▶ Data for analysis:
lemma neg_laplacian_row_sum:
  fixes W :: "real^'n^'n"
  shows "(\<Sum>m\<in>UNIV. (- laplacian W) $ i $ m * q m) = (\<Sum>m\<in>UNIV. W $ i $ m * (q m - q i))"
proof -
  have off_diag: "(\<Sum>m\<in>UNIV - {i}. (- laplacian W) $ i $ m * q m) = (\<Sum>m\<in>UNIV - {i}. W $ i $ m * q m)"
    by (rule sum.cong) (auto simp: laplacian_def)
  have "(\<Sum>m\<in>UNIV. (- laplacian W) $ i $ m * q m) =
      (- laplacian W) $ i $ i * q i + (\<Sum>m\<in>UNIV - {i}. (- laplacian W) $ i $ m * q m)"
    using sum.remove[of UNIV i "\<lambda>m. (- laplacian W) $ i $ m * q m"] by simp
  also have "\<dots> = (\<Sum>m\<in>UNIV - {i}. W $ i $ m * (q m - q i))"
    unfolding off_diag by (simp add: laplacian_def right_diff_distrib sum_subtractf sum_distrib_right)
  also have "\<dots> = (\<Sum>m\<in>UNIV. W $ i $ m * (q m - q i))"
    using sum.remove[of UNIV i "\<lambda>m. W $ i $ m * (q m - q i)"] by simp
  finally show ?thesis .
qed

lemma Qmat_Suc: "Qmat W (Suc k) = (- laplacian W) ** Qmat W k + sigma W (Suc k) *\<^sub>R mat 1"
proof -
  have "((- laplacian W) ** Qmat W k + sigma W (Suc k) *\<^sub>R mat 1) $ i $ j =
      (\<Sum>m\<in>UNIV. (- laplacian W) $ i $ m * Qmat W k $ m $ j) + of_bool (i = j) * sigma W (Suc k)"
    for i j
    by (simp add: matrix_matrix_mult_def mat_def)
  also have "\<dots> i j = Qmat W (Suc k) $ i $ j" for i j
    unfolding neg_laplacian_row_sum Qmat_Suc_entry[symmetric] by simp
  finally show ?thesis by (simp add: vec_eq_iff)
qed

lemma trace_Qmat: "trace (Qmat W k) = (real CARD('n) - real k) * sigma W k"
  for W :: "real^'n^'n"
proof -
  have "trace (Qmat W k) = (\<Sum>F\<in>forests W k. \<Sum>v\<in>UNIV. of_bool (forest_root F v = v) * sg_weight W F)"
    unfolding trace_def Qmat_eq_sum_forests by (rule sum.swap)
  also have "\<dots> = (\<Sum>F\<in>forests W k. (real CARD('n) - real k) * sg_weight W F)"
  proof (rule sum.cong[OF refl])
    fix F assume "F \<in> forests W k"
    then have "real (card {v. forest_root F v = v}) = real CARD('n) - real k"
      using card_forest_roots[of F] by (simp add: forests_def)
    then show "(\<Sum>v\<in>UNIV. of_bool (forest_root F v = v) * sg_weight W F) =
        (real CARD('n) - real k) * sg_weight W F"
      by (simp add: sum_distrib_right[symmetric] sum.If_cases)
  qed
  finally show ?thesis by (simp add: sigma_eq_sum_forests sum_distrib_left)
qed

theorem proposition4:
  fixes W :: "real^'n^'n"
  assumes n_gt1: "CARD('n) > 1"
    and no_loops: "\<And>i. W $ i $ i = 0"
    and nonneg: "\<And>i j. W $ i $ j \<ge> 0"
  shows "Qmat W (k+1) = (- laplacian W) ** Qmat W k + sigma W (k+1) *\<^sub>R mat 1
       \<and> sigma W (k+1) = trace (laplacian W ** Qmat W k) / real (k+1)"
proof
  show "Qmat W (k+1) = (- laplacian W) ** Qmat W k + sigma W (k+1) *\<^sub>R mat 1"
    using Qmat_Suc by simp
  have "trace (laplacian W ** Qmat W k) = - trace ((- laplacian W) ** Qmat W k)"
    by (simp add: trace_def matrix_matrix_mult_def sum_negf)
  also have "\<dots> = real CARD('n) * sigma W (k+1) - trace (Qmat W (k+1))"
    by (simp add: Qmat_Suc trace_def mat_def sum.distrib)
  also have "\<dots> = real (k+1) * sigma W (k+1)"
    by (simp add: trace_Qmat algebra_simps)
  finally show "sigma W (k+1) = trace (laplacian W ** Qmat W k) / real (k+1)"
    by simp
qed

end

▶ Goal of the exercise:
Return only those lines of the records that contain the string "finally".

▶ Output of the exercise:
  finally show ?thesis .
  finally show ?thesis by (simp add: vec_eq_iff)
  finally show ?thesis by (simp add: sigma_eq_sum_forests sum_distrib_left)
  finally show "sigma W (k+1) = trace (laplacian W ** Qmat W k) / real (k+1)"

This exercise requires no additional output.